┌──

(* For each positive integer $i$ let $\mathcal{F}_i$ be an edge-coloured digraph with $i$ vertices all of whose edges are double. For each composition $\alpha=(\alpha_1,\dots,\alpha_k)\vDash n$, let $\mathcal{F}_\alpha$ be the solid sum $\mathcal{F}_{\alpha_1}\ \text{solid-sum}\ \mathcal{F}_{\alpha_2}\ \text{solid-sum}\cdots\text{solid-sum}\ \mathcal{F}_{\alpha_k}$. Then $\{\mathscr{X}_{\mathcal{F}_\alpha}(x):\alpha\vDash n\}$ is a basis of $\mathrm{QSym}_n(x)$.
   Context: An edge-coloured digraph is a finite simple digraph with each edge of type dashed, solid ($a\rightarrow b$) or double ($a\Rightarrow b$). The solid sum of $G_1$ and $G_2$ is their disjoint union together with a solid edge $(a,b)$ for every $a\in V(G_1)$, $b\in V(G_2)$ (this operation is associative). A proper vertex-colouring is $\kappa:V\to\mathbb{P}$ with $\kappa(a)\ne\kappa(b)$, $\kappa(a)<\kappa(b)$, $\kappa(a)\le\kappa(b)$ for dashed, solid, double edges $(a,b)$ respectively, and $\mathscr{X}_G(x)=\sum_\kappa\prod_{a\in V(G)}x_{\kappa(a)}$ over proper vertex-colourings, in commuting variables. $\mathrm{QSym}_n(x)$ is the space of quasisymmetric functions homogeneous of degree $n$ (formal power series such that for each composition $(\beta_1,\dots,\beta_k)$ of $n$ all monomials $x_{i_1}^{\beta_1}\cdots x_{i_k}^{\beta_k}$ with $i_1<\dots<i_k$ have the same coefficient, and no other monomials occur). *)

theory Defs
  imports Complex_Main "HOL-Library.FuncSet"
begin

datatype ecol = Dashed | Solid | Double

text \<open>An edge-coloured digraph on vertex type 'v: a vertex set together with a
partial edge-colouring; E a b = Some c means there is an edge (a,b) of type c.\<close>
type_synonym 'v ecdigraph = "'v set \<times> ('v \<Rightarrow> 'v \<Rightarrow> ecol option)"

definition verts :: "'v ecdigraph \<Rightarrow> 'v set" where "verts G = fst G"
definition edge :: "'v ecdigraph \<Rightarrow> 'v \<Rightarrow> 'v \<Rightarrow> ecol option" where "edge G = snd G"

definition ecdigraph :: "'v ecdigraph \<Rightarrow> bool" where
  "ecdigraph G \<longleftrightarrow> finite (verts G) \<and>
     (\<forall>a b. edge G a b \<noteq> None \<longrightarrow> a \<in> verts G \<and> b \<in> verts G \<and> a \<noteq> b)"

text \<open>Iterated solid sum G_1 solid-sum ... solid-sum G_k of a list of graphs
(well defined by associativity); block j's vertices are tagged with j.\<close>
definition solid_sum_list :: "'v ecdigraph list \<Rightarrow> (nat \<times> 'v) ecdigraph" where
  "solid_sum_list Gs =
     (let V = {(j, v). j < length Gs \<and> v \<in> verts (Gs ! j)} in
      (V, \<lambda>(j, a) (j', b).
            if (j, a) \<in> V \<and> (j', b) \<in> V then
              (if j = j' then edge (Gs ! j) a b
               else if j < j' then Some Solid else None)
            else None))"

└──

**Task item**
Copy out every line of the data that includes "close".

**Response below**
partial edge-colouring; E a b = Some c means there is an edge (a,b) of type c.\<close>
(well defined by associativity); block j's vertices are tagged with j.\<close>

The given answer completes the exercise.